In this Notebook, we will use the **movie body count** dataset to compute basic probability quantities. This will allow you to see how those concepts we review in the Lecture can actually be translated to Python code so that you can automate computation of basic probabilities. This will later on be useful to build basic probabilistic prediction models.

## Movie Body Count Example ... again

As we saw before, there is a crisis in the movie industry, deaths are occuring on a massive scale. In every feature film the body count is tolling up. But what is the cause of all these deaths? Let's try and investigate.
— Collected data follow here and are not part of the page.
(* Let $\chi\in\chi(G)$ be a character and $\lambda\in\Lambda^\chi$. If $C\subset A\subset[n]$ are subsets with $L(C)\subset S^\chi_\lambda$ and $L(A)\subset S^\chi_\lambda$, then $L(B)\subset S^\chi_\lambda$ for every $B$ with $C\subset B\subset A$.
   Context: $G$ diagonalizable over $\mathbf C$ acting on $X=\mathbf A^n_{\mathbf C}$ by $g\cdot x=(\chi_1(g)x_1,\dots,\chi_n(g)x_n)$. $\chi(G)$ characters, $\Gamma(G)$ one-parameter subgroups, pairing $\chi(\lambda(t))=t^{\langle\chi,\lambda\rangle}$; fixed norm on $\Gamma(G)$ from an inner product on $\Gamma(G)_{\mathbf R}$ integral on $\Gamma(G)$. $[n]=\{1,\dots,n\}$. $x$ is $\chi$-unstable if some $\lambda$ with $\lim_{t\to0}\lambda(t)x$ existing has $\langle\chi,\lambda\rangle<0$; for unstable $x$, $\lambda_{\chi,x}$ is the unique indivisible one-parameter subgroup with existing limit minimizing $\langle\chi,\lambda\rangle/\|\lambda\|$ among nonzero such. $\Lambda^\chi=\{\lambda_{\chi,x}\}$, $S^\chi_\lambda=\{x\text{ unstable}:\lambda_{\chi,x}=\lambda\}$. For $S\subset[n]$, $L(S)=\{x:x_i\ne0\iff i\in S\}$. *)

theory Defs
  imports "HOL-Analysis.Analysis"
begin

text \<open>
  The diagonalizable group G enters only through its lattice of
  one-parameter subgroups Gamma(G), identified with int^'r (an integral basis), and the
  pairing of characters with one-parameter subgroups.  A character is recorded by the
  linear functional it induces on Gamma(G), i.e. a vector in int^'r with
  pairing <chi,lambda> = sum_i chi_i * lambda_i.  The coordinate characters chi_1..chi_n
  of the action are the map  wt :: 'n => int^'r  (the index type 'n plays the role of [n]).
  The inner product on Gamma(G)_R, integral on Gamma(G), is given by a symmetric,
  positive definite integer Gram matrix Q.
\<close>

definition pair :: "int^'r::finite \<Rightarrow> int^'r \<Rightarrow> int" where
  "pair c l = (\<Sum>i\<in>UNIV. c$i * l$i)"

definition inner_prod_ok :: "int^'r::finite^'r \<Rightarrow> bool" where
  "inner_prod_ok Q \<longleftrightarrow> (\<forall>i j. Q$i$j = Q$j$i) \<and>
     (\<forall>v::real^'r. v \<noteq> 0 \<longrightarrow> (\<Sum>i\<in>UNIV. \<Sum>j\<in>UNIV. v$i * real_of_int (Q$i$j) * v$j) > 0)"

definition lnorm :: "int^'r::finite^'r \<Rightarrow> int^'r \<Rightarrow> real" where
  "lnorm Q l = sqrt (real_of_int (\<Sum>i\<in>UNIV. \<Sum>j\<in>UNIV. l$i * Q$i$j * l$j))"

definition ops_act :: "('n::finite \<Rightarrow> int^'r::finite) \<Rightarrow> int^'r \<Rightarrow> complex \<Rightarrow> complex^'n \<Rightarrow> complex^'n" where
  "ops_act wt l t x = (\<chi> i. t powi (pair (wt i) l) * x$i)"

definition limit_exists :: "('n::finite \<Rightarrow> int^'r::finite) \<Rightarrow> int^'r \<Rightarrow> complex^'n \<Rightarrow> bool" where
  "limit_exists wt l x \<longleftrightarrow> (\<exists>y. ((\<lambda>t. ops_act wt l t x) \<longlongrightarrow> y) (at 0))"

definition unstable :: "('n::finite \<Rightarrow> int^'r::finite) \<Rightarrow> int^'r \<Rightarrow> complex^'n \<Rightarrow> bool" where
  "unstable wt c x \<longleftrightarrow> (\<exists>l. limit_exists wt l x \<and> pair c l < 0)"

definition indivisible :: "int^'r \<Rightarrow> bool" where
  "indivisible l \<longleftrightarrow> l \<noteq> 0 \<and> (\<forall>(k::int) m. l = k *s m \<longrightarrow> k = 1 \<or> k = -1)"

definition opt_ops :: "('n::finite \<Rightarrow> int^'r::finite) \<Rightarrow> int^'r^'r \<Rightarrow> int^'r \<Rightarrow> complex^'n \<Rightarrow> int^'r" where
  "opt_ops wt Q c x = (THE l. indivisible l \<and> limit_exists wt l x \<and>
      (\<forall>m. m \<noteq> 0 \<and> limit_exists wt m x \<longrightarrow>
         real_of_int (pair c l) / lnorm Q l \<le> real_of_int (pair c m) / lnorm Q m))"

definition Lambda_set :: "('n::finite \<Rightarrow> int^'r::finite) \<Rightarrow> int^'r^'r \<Rightarrow> int^'r \<Rightarrow> (int^'r) set" where
  "Lambda_set wt Q c = {opt_ops wt Q c x | x. unstable wt c x}"

definition stratum :: "('n::finite \<Rightarrow> int^'r::finite) \<Rightarrow> int^'r^'r \<Rightarrow> int^'r \<Rightarrow> int^'r \<Rightarrow> (complex^'n) set" where
  "stratum wt Q c l = {x. unstable wt c x \<and> opt_ops wt Q c x = l}"

definition Lcell :: "'n::finite set \<Rightarrow> (complex^'n) set" where
  "Lcell S = {x. \<forall>i. x$i \<noteq> 0 \<longleftrightarrow> i \<in> S}"

end

(* For x in the cell L(S), a one-parameter subgroup lambda has a limit at x exactly when it lies
   in the lattice cone K_S = {lambda. <chi_i, lambda> >= 0 for i in S}; hence lambda_{chi,x} depends
   only on S: it is the indivisible point of K_S minimizing <chi, lambda> / |lambda|.  For
   C <= B <= A the cones satisfy K_A <= K_B <= K_C, so a lambda that lies in K_A and is optimal on
   the larger cone K_C is optimal on K_B as well.

   The substance is that this optimum exists and is unique.  Over the reals the slope attains its
   minimum on the cone (compactness of its unit sphere); normalized by <chi, v> = -1, the minimizers
   are the minimizers of the positive definite form on a convex slice, hence form a single ray by
   strict convexity.  The ray is rational: the minimizer is a stationary point of the form on the
   rational subspace cut out by the active constraints, and applying a Q-linear retraction of R onto
   Q to each coordinate produces another such point, which positive definiteness forces to be equal
   to it.  Clearing denominators and dividing by the content gives the unique indivisible optimum. *)

theory Submission
  imports Defs
begin

section \<open>Positive definite forms and rational stationary points\<close>

definition qform :: "real^'n::finite^'n \<Rightarrow> real^'n \<Rightarrow> real^'n \<Rightarrow> real" where
  "qform A u v = u \<bullet> (A *v v)"

definition pos_def :: "real^'n::finite^'n \<Rightarrow> bool" where
  "pos_def A \<longleftrightarrow> transpose A = A \<and> (\<forall>v. v \<noteq> 0 \<longrightarrow> 0 < qform A v v)"

lemma qform_eq_double_sum: "qform A u v = (\<Sum>i\<in>UNIV. \<Sum>j\<in>UNIV. u$i * A$i$j * v$j)"
  unfolding qform_def inner_vec_def matrix_vector_mult_def
  by (simp add: sum_distrib_left mult.assoc)

lemma qform_commute: "pos_def A \<Longrightarrow> qform A u v = qform A v u"
  unfolding pos_def_def qform_def
  by (metis dot_lmul_matrix inner_commute transpose_matrix_vector)

lemma qform_pos: "pos_def A \<Longrightarrow> v \<noteq> 0 \<Longrightarrow> 0 < qform A v v"
  unfolding pos_def_def by blast

lemma qform_diff_right: "qform A w (u - v) = qform A w u - qform A w v"
  unfolding qform_def by (simp add: matrix_vector_mult_diff_distrib inner_diff_right)

lemma qform_scaleR: "qform A (a *\<^sub>R v) (a *\<^sub>R v) = a\<^sup>2 * qform A v v"
  unfolding qform_def by (simp add: matrix_vector_mult_scaleR power2_eq_square)

lemma qform_add_scaleR:
  assumes "pos_def A"
  shows "qform A (v + t *\<^sub>R d) (v + t *\<^sub>R d) = qform A v v + 2 * t * qform A v d + t\<^sup>2 * qform A d d"
  using qform_commute[OF assms, of d v] unfolding qform_def
  by (simp add: matrix_vector_right_distrib matrix_vector_mult_scaleR inner_add_left
      inner_add_right power2_eq_square algebra_simps)

lemma in_span_if_orthogonal_to_annihilator:
  fixes y :: "'a::euclidean_space"
  assumes "\<And>d. (\<forall>r\<in>R. r \<bullet> d = 0) \<Longrightarrow> y \<bullet> d = 0"
  shows "y \<in> span R"
proof -
  obtain s z where s: "s \<in> span R" and z: "\<And>w. w \<in> span R \<Longrightarrow> orthogonal z w" and y: "y = s + z"
    using orthogonal_subspace_decomp_exists by blast
  have "\<forall>r\<in>R. r \<bullet> z = 0"
    using z[OF span_base] by (simp add: orthogonal_def inner_commute)
  then have "y \<bullet> z = 0" by (rule assms)
  moreover have "s \<bullet> z = 0"
    using z[OF s] by (simp add: orthogonal_def inner_commute)
  ultimately have "z = 0" unfolding y by (simp add: inner_add_left)
  with s y show ?thesis by simp
qed

locale Rats_retraction = additive \<psi> for \<psi> :: "real \<Rightarrow> real" +
  assumes mult_Rats: "a \<in> \<rat> \<Longrightarrow> \<psi> (a * x) = a * \<psi> x"
    and range_Rats: "\<psi> x \<in> \<rat>"
    and one: "\<psi> 1 = 1"
begin

lemma Rats_fixed: "a \<in> \<rat> \<Longrightarrow> \<psi> a = a"
  using mult_Rats[of a 1] one by simp

lemma sum_Rats_mult:
  "(\<And>i. i \<in> I \<Longrightarrow> a i \<in> \<rat>) \<Longrightarrow> \<psi> (\<Sum>i\<in>I. a i * f i) = (\<Sum>i\<in>I. a i * \<psi> (f i))"
  by (simp add: sum mult_Rats)

end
For our first example of data science, we take inspiration from work by [researchers at NJIT](https://www.theswarmlab.com/blog/rvspython/r/2014/02/02/r-vs-python-round-2-2/). They researchers were comparing the qualities of Python with R. They put together a data base of results from the  the "Internet Movie Database" and the [Movie Body Count](http://www.moviebodycounts.com/) website which will allow us to do some preliminary investigation.

We will make use of data that has already been 'scraped' from the [Movie Body Count](http://www.moviebodycounts.com/) website. Code and the data is available at [a github repository](https://github.com/sjmgarnier/R-vs-Python/tree/master/Deadliest%20movies%20scrape/code). Git is a version control system and github is a website that hosts code that can be accessed through git. By sharing the code publicly through github, the authors are licensing the code publicly and allowing you to access and edit it. As well as accessing the code via github you can also [download the zip file](https://github.com/sjmgarnier/R-vs-Python/archive/master.zip). But let's do that in python

In [None]:
import urllib.request
urllib.request.urlretrieve('https://github.com/sjmgarnier/R-vs-Python/archive/master.zip', './master.zip')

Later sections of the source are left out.